Overall, the call centers were highly cost-effective, as the incremental cost per additional dollar of benefits ever delivered to beneficiaries was 3.6 cents – a lower administrative cost than nearly any other anti-poverty programme for which data is available. 

Empirical evidence on service delivery in developing countries suggests that increased top-down administrative monitoring can be an effective tool for improving last-mile service delivery (Olken 2007). However, a practical barrier to the use of top-down monitoring has been the challenge of obtaining credible, high-frequency data on last-mile service delivery, at a sufficiently spatially disaggregated level to hold appropriate officials accountable. 

Other recent papers have tested specialised approaches for using technology to improve governance, such as monitoring worker attendance with time clocks (Banerjee et al. 2008; Dhaliwal et al. 2017) or custom smart-phone applications (Callen et al. 2018). Relative to these specialised approaches, measurement by phone call has an ability to scale across a wide range of places, programmes and outcomes. This type of system can measure anything that can be observed and then described over the phone, ranging from the presence of teachers in schools to corruption in benefit delivery. This type of system is also low-cost, fast to set up, and can respond quickly to changing circumstances on the ground.
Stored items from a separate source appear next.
lemma truncated_sum_tail_le_Gbar:
  assumes "0 < \<delta>" "0 < x" "0 < c" "0 \<le> K" and c: "(1 + \<delta>)\<^sup>2 * K \<le> 2 * \<delta> * c"
    and small: "real n * R y / x\<^sup>2 \<le> 1 / c"
    and K: "expectation (\<lambda>\<omega>. (min (\<eta> 0 \<omega>) y)\<^sup>2 * exp ((1 + \<delta>) * R y / x * max (min (\<eta> 0 \<omega>) y) 0)) \<le> K"
  shows "prob {\<omega> \<in> space M. x < (\<Sum>i<n. min (\<eta> i \<omega>) y)} \<le> Gbar y"
proof -
  define h where "h = (1 + \<delta>) * R y / x"
  have "0 \<le> h"
    using assms R_nonneg[of y] by (simp add: h_def)
  have "real n * (h\<^sup>2 / 2 * K) = (1 + \<delta>)\<^sup>2 * K / 2 * R y * (real n * R y / x\<^sup>2)"
    using \<open>0 < x\<close> by (simp add: h_def power2_eq_square field_simps)
  also have "\<dots> \<le> (1 + \<delta>)\<^sup>2 * K / 2 * R y * (1 / c)"
    using small assms R_nonneg[of y] by (intro mult_left_mono) auto
  also have "\<dots> = ((1 + \<delta>)\<^sup>2 * K / (2 * c)) * R y"
    by simp
  also have "\<dots> \<le> \<delta> * R y"
    using c assms R_nonneg[of y] by (intro mult_right_mono) (simp_all add: field_simps)
  finally have quadratic_term: "real n * (h\<^sup>2 / 2 * K) \<le> \<delta> * R y" .
  have "h * x = R y + \<delta> * R y"
    using \<open>0 < x\<close> by (simp add: h_def field_simps)
  then have exponent: "- h * x + real n * (h\<^sup>2 / 2 * K) \<le> - R y"
    using quadratic_term by linarith
  have "prob {\<omega> \<in> space M. x < (\<Sum>i<n. min (\<eta> i \<omega>) y)}
      \<le> exp (- h * x) * expectation (\<lambda>\<omega>. exp (h * min (\<eta> 0 \<omega>) y)) ^ n"
    by (rule chernoff_truncated_sum[OF \<open>0 \<le> h\<close>])
  also have "\<dots> \<le> exp (- h * x) * exp (h\<^sup>2 / 2 * K) ^ n"
    using truncated_mgf_le[OF \<open>0 \<le> h\<close>] K by (intro mult_left_mono power_mono) (auto simp: h_def)
  also have "\<dots> = exp (- h * x + real n * (h\<^sup>2 / 2 * K))"
    by (simp only: exp_of_nat_mult[symmetric] exp_add)
  also have "\<dots> \<le> Gbar y"
    using exponent by (simp add: hazard)
  finally show ?thesis .
qed

lemma sum_tail_le:
  assumes e: "0 < \<epsilon>" "\<epsilon> < 1" and x1: "1 \<le> x1"
    and reg: "\<And>x z. z \<le> x \<Longrightarrow> x1 \<le> z \<Longrightarrow> R x / x \<le> (1 + \<epsilon>/16) * R z / z"
    and K: "\<And>h y. 0 \<le> h \<Longrightarrow> h * x1 \<le> 2 * R x1 * x1
           \<Longrightarrow> (x1 < y \<Longrightarrow> h \<le> (1 + \<epsilon>/2) * (1 - \<epsilon>) * R y / y)
           \<Longrightarrow> (y < 0 \<Longrightarrow> y\<^sup>2 \<le> 2 * moment 2)
           \<Longrightarrow> expectation (\<lambda>\<omega>. (min (\<eta> 0 \<omega>) y)\<^sup>2 * exp (h * max (min (\<eta> 0 \<omega>) y) 0)) \<le> K"
    and "0 \<le> K" and c: "4 \<le> c" "(1 + \<epsilon>/2)\<^sup>2 * K \<le> 2 * (\<epsilon>/2) * c"
    and x: "0 < x" "y \<le> (1 - \<epsilon>) * x" and small: "real n * R y / x\<^sup>2 \<le> 1 / c"
  shows "prob {\<omega> \<in> space M. x < (\<Sum>i<n. \<eta> i \<omega>)} \<le> (real n + 1) * Gbar y"
proof (cases "n = 0 \<or> 1 \<le> (real n + 1) * Gbar y")
  case True
  then show ?thesis
  proof
    assume "n = 0"
    then show ?thesis
      using x by (simp add: hazard)
  next
    assume "1 \<le> (real n + 1) * Gbar y"
    then show ?thesis
      using prob_le_1[of "{\<omega> \<in> space M. x < (\<Sum>i<n. \<eta> i \<omega>)}"] by linarith
  qed
next
  case False
  then have "1 \<le> n" and small_tail: "(real n + 1) * Gbar y < 1"
    by auto
  have "2 * Gbar y \<le> (real n + 1) * Gbar y"
    using \<open>1 \<le> n\<close> by (intro mult_right_mono) (auto simp: hazard)
  then have "Gbar y < 1/2"
    using small_tail by simp
  then have "exp (- R y) < exp (- ln 2)"
    by (simp add: hazard exp_minus)
  then have "2/3 < R y"
    using ln2_ge_two_thirds by simp
  then have "1 \<le> x"
    using one_le_if_sq_ratio_small x(1) c(1) \<open>1 \<le> n\<close> small by blast
  have h_large: "(1 + \<epsilon>/2) * R y / x \<le> (1 + \<epsilon>/2) * (1 - \<epsilon>) * R y / y" if "x1 < y"
    using div_le_shrunk_div[of y \<epsilon> x "(1 + \<epsilon>/2) * R y"] that x1 x e R_nonneg[of y]
    by (simp add: mult_ac)
  have "expectation (\<lambda>\<omega>. (min (\<eta> 0 \<omega>) y)\<^sup>2 * exp ((1 + \<epsilon>/2) * R y / x * max (min (\<eta> 0 \<omega>) y) 0)) \<le> K"
    using tilt_times_x1_le[OF e x1 reg \<open>1 \<le> x\<close> x(2)] h_large
      sq_le_two_moment_if_Gbar_lt_half[OF \<open>Gbar y < 1/2\<close>] x e R_nonneg[of y]
    by (intro K) auto
  then have "prob {\<omega> \<in> space M. x < (\<Sum>i<n. min (\<eta> i \<omega>) y)} \<le> Gbar y"
    using e x c \<open>0 \<le> K\<close> small by (intro truncated_sum_tail_le_Gbar) auto
  then show ?thesis
    using prob_sum_gt_le_truncated[of x n y] by (simp add: algebra_simps)
qed
lemma cut_matching_insert:
  assumes "symp A" "cut_matching V A \<sigma> t M" "cut_edge V A \<sigma> t s u"
    and far: "\<And>s' u'. cut_edge V A \<sigma> t s' u' \<Longrightarrow> {s', u'} \<in> M \<Longrightarrow>
      s \<noteq> s' \<and> u \<noteq> u' \<and> \<not> A s u' \<and> \<not> A s' u"
  shows "cut_matching V A \<sigma> t (insert {s, u} M)" "{s, u} \<notin> M"
proof -
  show "{s, u} \<notin> M" using far[of s u] assms(3) by blast
  show "cut_matching V A \<sigma> t (insert {s, u} M)"
  proof (rule cut_matchingI[OF assms(1)])
    fix e assume "e \<in> insert {s, u} M"
    then consider "e = {s, u}" | "e \<in> M" by blast
    then show "\<exists>s u. cut_edge V A \<sigma> t s u \<and> e = {s, u}"
    proof cases
      case 1
      with assms(3) show ?thesis by blast
    next
      case 2
      then obtain s' u' where "cut_edge V A \<sigma> t s' u'" "e = {s', u'}"
        using cut_matching_edgeE[OF assms(1,2)] by blast
      then show ?thesis by blast
    qed
  next
    fix s1 u1 s2 u2
    assume edges: "cut_edge V A \<sigma> t s1 u1" "cut_edge V A \<sigma> t s2 u2"
      and M: "{s1, u1} \<in> insert {s, u} M" "{s2, u2} \<in> insert {s, u} M" "{s1, u1} \<noteq> {s2, u2}"
    consider "{s1, u1} = {s, u}" "{s2, u2} \<in> M" | "{s2, u2} = {s, u}" "{s1, u1} \<in> M"
      | "{s1, u1} \<in> M" "{s2, u2} \<in> M" using M by blast
    then show "s1 \<noteq> s2 \<and> u1 \<noteq> u2 \<and> \<not> A s1 u2 \<and> \<not> A s2 u1"
    proof cases
      case 1
      then have "s1 = s \<and> u1 = u" using cut_edge_doubleton_eq[OF 1(1) edges(1) assms(3)] by blast
      with far[OF edges(2) 1(2)] show ?thesis by simp
    next
      case 2
      then have "s2 = s \<and> u2 = u" using cut_edge_doubleton_eq[OF 2(1) edges(2) assms(3)] by blast
      with far[OF edges(1) 2(2)] show ?thesis by auto
    next
      case 3
      then show ?thesis using cut_matchingD[OF assms(1,2) edges _ _ M(3)] by blast
    qed
  qed
qed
Implications for policy: From performance management to accountability and participation

Other programmes have significantly more room for improvement than the studied programme in Telangana, suggesting the benefits of this approach could be higher in other settings; for example, Aker and Ksoll (2018) find significant benefits of phone-based monitoring intervention in the context of an adult education programme in Niger. 

Monitoring by phone could also be paired with explicit rewards or sanctions to motivate implementing officials (something not done in our study), and with public disclosure of statistics to build bottom-up democratic accountability. More broadly, regularly measuring performance can give managers objective metrics to guide personnel management, which global evidence suggests is the most important component of management (Bloom and Van Reenen, 2010). 

Incorporating phone-based data collection into policymaking has potential beyond performance monitoring. One possibility is that policy makers could use these systems to collect data that help them in making decisions. For example, if designing a targeted cash transfer programme, a policy maker might use the same call center infrastructure to gather data on beneficiary financial literacy and use of formal banking systems, to better target enrollment. 

While further experimentation with phone-based data collection by governments can help tweak this approach and test other use cases, existing evidence suggests that doing so can have large returns.